Ujamaa in Tanzania

Ujamaa in Tanzania

Ujamaa in Tanzania was a concept formed by Julius Nyerere, the first President of Tanzania after independence. The concept was initiated in 1961 and it was based on socio-economic development policies in Tanznia. Ujamaa is a Swahili word meaning Socialism (Ibhawoh and Dibua, 2003). Its ideology was based on African socialism which forms the African model of development. In this model, the members of the society work together as brothers and sisters helping each other in all socio-economic activities of the society. Every member of the community becomes a person through the community, and by working with others. Julius Nyerere used this model of socialism to implement national development projects. It was a good tool for the implementation of political and economic development. It was particularly important for rural development in Tanzania. In 1973, Julius Nyerere said that real development would take place in Tanzania only if the people were involved.

Ujamaa began as a pilot tool of socialist state from Dodoma. The villages formed in Dodoma were socialist villages which had one thing in common – they held land jointly and worked together for the good of the entire community. The first phase of ujamaa in Dodoma resulted in prosperity of some farmers more than others. The second phase attempted to correct this problem by using government control to resettle people living in rural areas in planned villages so that the people can work more closely together and enjoy equal modernized social services (Mhando, 2011). This scheme became expensive and Nyerere went ahead to the third phase of socialist approach whereby the rural dwellers were encouraged through economic incentives to accumulate small farms into larger villages that would be managed and cultivated on a larger scale by all members of the village jointly. The rural dwellers were therefore regrouped into larger groups to form villages through a compulsory process known as villagization. This process led to the disappearance of tribal rule and leadership.
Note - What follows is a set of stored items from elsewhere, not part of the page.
lemma rank_le_2: "rank st \<le> 2"
  by (simp add: rank_def)

text \<open>A cell only changes by becoming more defined, so each cell changes at most twice.\<close>

lemma rank_F: "F C u \<noteq> C u \<Longrightarrow> rank (C u) < rank (F C u)"
  using F_cases[of C "fst u" "snd u"]
  by (auto simp: rank_def is_defined_def half_defined_def fires_def vacant_def)

lemma F_half_defined_east_defined:
  assumes h: "half_defined (C (x,y))" and d: "is_defined (C (x+1,y))"
  shows "is_defined (F C (x,y))"
proof (cases "fires C x y")
  case True
  then show ?thesis using F_fires by (simp add: is_defined_def)
next
  case False
  then have "nonlocal_step C (x,y) = C (x,y)" by (simp add: nonlocal_step_cell)
  moreover have "nonlocal_step C (x+1,y) = C (x+1,y)" using nonlocal_step_defined d by metis
  ultimately show ?thesis
    using F_carry_rule[of C x y] h d by (simp add: half_defined_def is_defined_def)
qed

section \<open>An invariant of the iterates\<close>

abbreviation nrows :: "nat list \<Rightarrow> int" where
  "nrows \<alpha> \<equiv> int (length \<alpha>)"

definition input_cell :: "nat list \<Rightarrow> int \<Rightarrow> int \<Rightarrow> bool" where
  "input_cell \<alpha> x y \<longleftrightarrow> x = 0 \<and> 1 \<le> y \<and> y \<le> nrows \<alpha>"

definition carry_settled :: "config \<Rightarrow> int \<Rightarrow> int \<Rightarrow> bool" where
  "carry_settled C x y \<longleftrightarrow>
     is_defined (C (x+1,y)) \<and> snd (C (x,y)) = Some (adder_carry (C (x,y)) (C (x+1,y)))"

definition terminated :: "config \<Rightarrow> int \<Rightarrow> int \<Rightarrow> bool" where
  "terminated C x y \<longleftrightarrow>
     C (x,y) = (Some False, Some True) \<and> fst (C (x-1,y)) = Some True \<and> (\<forall>x'>x. vacant (C (x',y)))"

definition sum_settled :: "config \<Rightarrow> int \<Rightarrow> int \<Rightarrow> bool" where
  "sum_settled C x y \<longleftrightarrow>
     is_defined (C (x,y+1)) \<and>
     (is_defined (C (x+1,y+1)) \<longrightarrow> fst (C (x,y)) = Some (adder_sum (C (x,y+1)) (C (x+1,y+1)))) \<and>
     (is_defined (C (x+1,y+1)) \<or> terminated C x y)"
lemma orbit_transport_in_orbit_of: "orbit_transport q i p i' j \<in> orbit_of p i'"
  unfolding orbit_transport_def by (rule funpow_in_orbit_of)

lemma orbit_transport_inj:
  assumes p: "permutation p" and q: "permutation q"
    and card: "card (orbit_of q i) = card (orbit_of p i')"
    and j: "j1 \<in> orbit_of q i" "j2 \<in> orbit_of q i"
    and eq: "orbit_transport q i p i' j1 = orbit_transport q i p i' j2"
  shows "j1 = j2"
  using eq funpow_eq_iff_of_card_orbit_of_eq[OF p q card] funpow_orbit_transport[OF q] j
  unfolding orbit_transport_def by metis

definition orbit_rep :: "nat set \<Rightarrow> nat" where
  "orbit_rep B = (SOME r. r \<in> B)"

lemma orbit_rep_in_orbit_of: "orbit_rep (orbit_of r j) \<in> orbit_of r j"
  unfolding orbit_rep_def using orbit_of_self by (metis some_in_eq empty_iff)

lemma orbit_of_orbit_rep: "permutation r \<Longrightarrow> orbit_of r (orbit_rep (orbit_of r j)) = orbit_of r j"
  using orbit_of_eq orbit_rep_in_orbit_of by blast

text \<open>Given a length-preserving matching f of the cycles of q with those of p, map each cycle of q
  onto its partner by transport between the chosen representatives.\<close>
definition orbit_matching_map :: "(nat \<Rightarrow> nat) \<Rightarrow> (nat \<Rightarrow> nat) \<Rightarrow> (nat set \<Rightarrow> nat set) \<Rightarrow> nat \<Rightarrow> nat"
  where "orbit_matching_map q p f j =
    orbit_transport q (orbit_rep (orbit_of q j)) p (orbit_rep (f (orbit_of q j))) j"

context
  fixes p q :: "nat \<Rightarrow> nat" and S :: "nat set" and f :: "nat set \<Rightarrow> nat set"
  assumes p: "p permutes S" and q: "q permutes S" and S: "finite S"
    and f: "bij_betw f (orbit_of q ` S) (orbit_of p ` S)"
    and card_f: "\<forall>B \<in> orbit_of q ` S. card (f B) = card B"
begin

private lemma permutations: "permutation p" "permutation q"
  using p q S permutation_permutes by blast+

private lemma matched_orbit:
  assumes j: "j \<in> S"
  shows "orbit_of p (orbit_rep (f (orbit_of q j))) = f (orbit_of q j)"
    and "orbit_rep (f (orbit_of q j)) \<in> S"
proof -
  have "f (orbit_of q j) \<in> orbit_of p ` S" using bij_betwE[OF f] j by blast
  then obtain i where i: "i \<in> S" "f (orbit_of q j) = orbit_of p i" by blast
  then show "orbit_of p (orbit_rep (f (orbit_of q j))) = f (orbit_of q j)"
    using orbit_of_orbit_rep[OF permutations(1)] by simp
  show "orbit_rep (f (orbit_of q j)) \<in> S"
    using orbit_rep_in_orbit_of orbit_of_subset_permutes[OF p i(1)] i(2) by auto
qed
(* For any integer $n>1$, and for any 0-cell $\{\lambda_{i,j}:s_js_i \to s_is_j\}_{0\leq i< j \leq n}$ of $\mathsf{Wdl}^{(n)}(\overline{\mathcal K})$, consider the idempotent 2-cell $$ \overleftarrow{\lambda}_{0,1,\dots,n}:= s_0s_1\dots s_{n-1}\mu_n \,.\, (\text{the unique composite of } \lambda_{i,j}\text{s } s_ns_0s_1\dots s_n\to s_0s_1\dots s_{n-1}s_n^2) \,.\, \eta_ns_0s_1\dots s_n : s_0s_1\dots s_n\to s_0s_1\dots s_n $$ in $\mathcal K$ and $$ \overline\lambda_{01\dots n}:= \overleftarrow \lambda_{0,1,\dots,n}. \overleftarrow \lambda_{0,1,\dots,n-1}s_n.\ \cdots\ . \overleftarrow \lambda_{0,1,2}s_3s_4\dots s_n. \overline \lambda_{01}s_2s_3\dots s_n\ . $$ This construction associates the same idempotent 2-cell to any 0-cell $\{\lambda_{i,j}:s_js_i \to s_is_j\}_{0\leq i< j \leq n}$ of $\mathsf{Wdl}^{(n)}(\overline{\mathcal K})$ and to its image under any of the 2-functors $C_k:\mathsf{Wdl}^{(n)}(\overline{\mathcal K})\to \mathsf{Wdl}^{(n-1)}(\overline{\mathcal K})$, $1\leq k\leq n$. That is, for all $1\leq k\leq n$, $\overline\lambda_{01\dots n}= \overline\lambda_{01\dots k-2(k-1,k)k+1\dots n}$, where the right hand side is the same construction applied to the $n$ monads $s_0,\dots,s_{k-2},(s_{k-1}s_k,\overline\lambda_{k-1,k}),s_{k+1},\dots,s_n$ and the weak distributive laws of the image under $C_k$.
   Context: $\mathcal K$ is a 2-category and $\overline{\mathcal K}$ its local idempotent closure: same 0-cells, 1-cells are pairs $(v,\overline v)$ with $\overline v:v\to v$ an idempotent 2-cell of $\mathcal K$, and 2-cells $(v,\overline v)\to(v',\overline{v'})$ are 2-cells $\omega:v\to v'$ with $\overline{v'}.\omega=\omega=\omega.\overline v$. A weak distributive law between monads $t,s$ on the same object is a 2-cell $\lambda:ts\to st$ compatible with both multiplications and satisfying the weak unit condition $s\mu.\lambda t.\eta st=\mu t.s\lambda.st\eta=:\overline\lambda$ (an idempotent; $\overline\lambda_{ij}$ denotes this idempotent for $\lambda_{i,j}$). A 0-cell of $\mathsf{Wdl}^{(n)}(\overline{\mathcal K})$ is a family of $n+1$ monads $s_0,\dots,s_n$ in $\overline{\mathcal K}$ on a common object, with multiplications $\mu_i$ and units $\eta_i$, together with weak distributive laws $\lambda_{i,j}:s_js_i\to s_is_j$ for $0\le i<j\le n$ satisfying the Yang-Baxter relation $\lambda_{i,j}s_k.s_j\lambda_{i,k}.\lambda_{j,k}s_i=s_i\lambda_{j,k}.\lambda_{i,k}s_j.s_k\lambda_{i,j}$ for $i<j<k$. The 2-functor $C_k$ sends such a 0-cell to the $n$ monads $s_0,\dots,s_{k-2},(s_{k-1}s_k,\overline\lambda_{k-1,k}),s_{k+1},\dots,s_n$ (the middle one being the weak wreath product monad with multiplication $\mu_{k-1}\mu_k.s_{k-1}\lambda_{k-1,k}s_k$ and unit $\lambda_{k-1,k}.\eta_k\eta_{k-1}$) with weak distributive laws: $\lambda_{i,j}$ if $i,j\notin\{k-1,k\}$; $s_{k-1}\lambda_{k,j}.\lambda_{k-1,j}s_k.s_j\overline\lambda_{k-1,k}:s_j(s_{k-1}s_k)\to(s_{k-1}s_k)s_j$ if $k<j$; and $\lambda_{i,k-1}s_k.s_{k-1}\lambda_{i,k}.\overline\lambda_{k-1,k}s_i:(s_{k-1}s_k)s_i\to s_i(s_{k-1}s_k)$ if $i<k-1$. *)

theory Defs
  imports Main
begin

text \<open>
  All monads in the statement live on one common 0-cell A of the 2-category K, so
  everything happens in the hom-category K(A,A), which is a strict monoidal category
  (horizontal composition = tensor).  Conversely every strict monoidal category is
  K(A,A) for a one-object 2-category.  We therefore model the relevant part of K as a
  strict monoidal category: 1-cells of type 'o, 2-cells of type 'm.
\<close>

record ('o,'m) smcat =
  cdom  :: "'m \<Rightarrow> 'o"
  ccod  :: "'m \<Rightarrow> 'o"
  cid   :: "'o \<Rightarrow> 'm"
  ccomp :: "'m \<Rightarrow> 'm \<Rightarrow> 'm"   (* vertical composition, ccomp f g = f . g (g first) *)
  otens :: "'o \<Rightarrow> 'o \<Rightarrow> 'o"
  mtens :: "'m \<Rightarrow> 'm \<Rightarrow> 'm"
  cunit :: "'o"

locale smc_ops =
  fixes C :: "('o,'m) smcat"
begin

abbreviation Dom where "Dom \<equiv> cdom C"
abbreviation Cod where "Cod \<equiv> ccod C"
abbreviation Id where "Id \<equiv> cid C"
abbreviation V where "V \<equiv> ccomp C"
abbreviation OT where "OT \<equiv> otens C"
abbreviation H where "H \<equiv> mtens C"
abbreviation U where "U \<equiv> cunit C"

definition hom :: "'m \<Rightarrow> 'o \<Rightarrow> 'o \<Rightarrow> bool" where
  "hom f a b \<longleftrightarrow> Dom f = a \<and> Cod f = b"

definition ob :: "'o list \<Rightarrow> 'o" where
  "ob xs = foldr OT xs U"

definition idl :: "'o list \<Rightarrow> 'm" where
  "idl xs = Id (ob xs)"

text \<open>A monad in the local idempotent closure: 1-cell (s, sb), multiplication mu, unit eta.
  Identity 2-cell of (s,sb) is sb; whiskering by (s,sb) is horizontal composition with sb.\<close>
definition is_monad :: "'o \<Rightarrow> 'm \<Rightarrow> 'm \<Rightarrow> 'm \<Rightarrow> bool" where
  "is_monad s sb mu eta \<longleftrightarrow>
     hom sb s s \<and> V sb sb = sb \<and>
     hom mu (OT s s) s \<and> V sb mu = mu \<and> V mu (H sb sb) = mu \<and>
     hom eta U s \<and> V sb eta = eta \<and>
     V mu (H mu sb) = V mu (H sb mu) \<and>
     V mu (H eta sb) = sb \<and> V mu (H sb eta) = sb"

text \<open>A weak distributive law lam : t s \<rightarrow> s t in the local idempotent closure between monads
  t = (st, sbt, mut, etat) and s = (ss, sbs, mus, etas).\<close>
definition is_wdl :: "'o \<Rightarrow> 'm \<Rightarrow> 'm \<Rightarrow> 'm \<Rightarrow> 'o \<Rightarrow> 'm \<Rightarrow> 'm \<Rightarrow> 'm \<Rightarrow> 'm \<Rightarrow> bool" where
  "is_wdl st sbt mut etat ss sbs mus etas lam \<longleftrightarrow>
     hom lam (OT st ss) (OT ss st) \<and>
     V (H sbs sbt) lam = lam \<and> V lam (H sbt sbs) = lam \<and>
     V lam (H mut sbs) = V (H sbs mut) (V (H lam sbt) (H sbt lam)) \<and>
     V lam (H sbt mus) = V (H mus sbt) (V (H sbs lam) (H lam sbs)) \<and>
     V (H sbs mut) (V (H lam sbt) (H etat (H sbs sbt))) =
     V (H mus sbt) (V (H sbs lam) (H sbs (H sbt etas)))"

definition wdl0 :: "nat \<Rightarrow> (nat \<Rightarrow> 'o) \<Rightarrow> (nat \<Rightarrow> 'm) \<Rightarrow> (nat \<Rightarrow> 'm) \<Rightarrow> (nat \<Rightarrow> 'm)
                   \<Rightarrow> (nat \<Rightarrow> nat \<Rightarrow> 'm) \<Rightarrow> bool" where
  "wdl0 n S Sb M E L \<longleftrightarrow>
     (\<forall>i\<le>n. is_monad (S i) (Sb i) (M i) (E i)) \<and>
     (\<forall>i j. i < j \<and> j \<le> n \<longrightarrow>
        is_wdl (S j) (Sb j) (M j) (E j) (S i) (Sb i) (M i) (E i) (L i j)) \<and>
     (\<forall>i j k. i < j \<and> j < k \<and> k \<le> n \<longrightarrow>
        V (H (L i j) (Sb k)) (V (H (Sb j) (L i k)) (H (L j k) (Sb i))) =
        V (H (Sb i) (L j k)) (V (H (L i k) (Sb j)) (H (Sb k) (L i j))))"

definition wu :: "(nat \<Rightarrow> 'o) \<Rightarrow> (nat \<Rightarrow> 'm) \<Rightarrow> (nat \<Rightarrow> 'm) \<Rightarrow> (nat \<Rightarrow> nat \<Rightarrow> 'm)
                   \<Rightarrow> nat \<Rightarrow> nat \<Rightarrow> 'm" where
  "wu S M E L i j = V (H (Id (S i)) (M j)) (V (H (L i j) (Id (S j))) (H (E j) (H (Id (S i)) (Id (S j)))))"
Rural development and Ujamaa were related since independence when Tanzania focused on the rise of rural production and commercialization of agriculture which boosted rural development (Karl, 1971). With the model of Ujamaa, rural development got even a higher boost. Policy initiatives were developed immediately after independence to encourage agribusiness and promote rural development because rural areas in Tanzania highly depended on agriculture. Transformation and improvement were used as the primary approaches to post-colonial agricultural policy. The transformation approach involved mechanization and capitalization in new villages to increase crop production. Improvement policy emphasized the use of extension services whereby small scale agricultural production was gradually improved. In 1966, the village schemes were abandoned due to its cost and inability to penetrate the masses. In1967, Nyerere developed the socialism policy through Arusha Declaration in order to address the rural development policy.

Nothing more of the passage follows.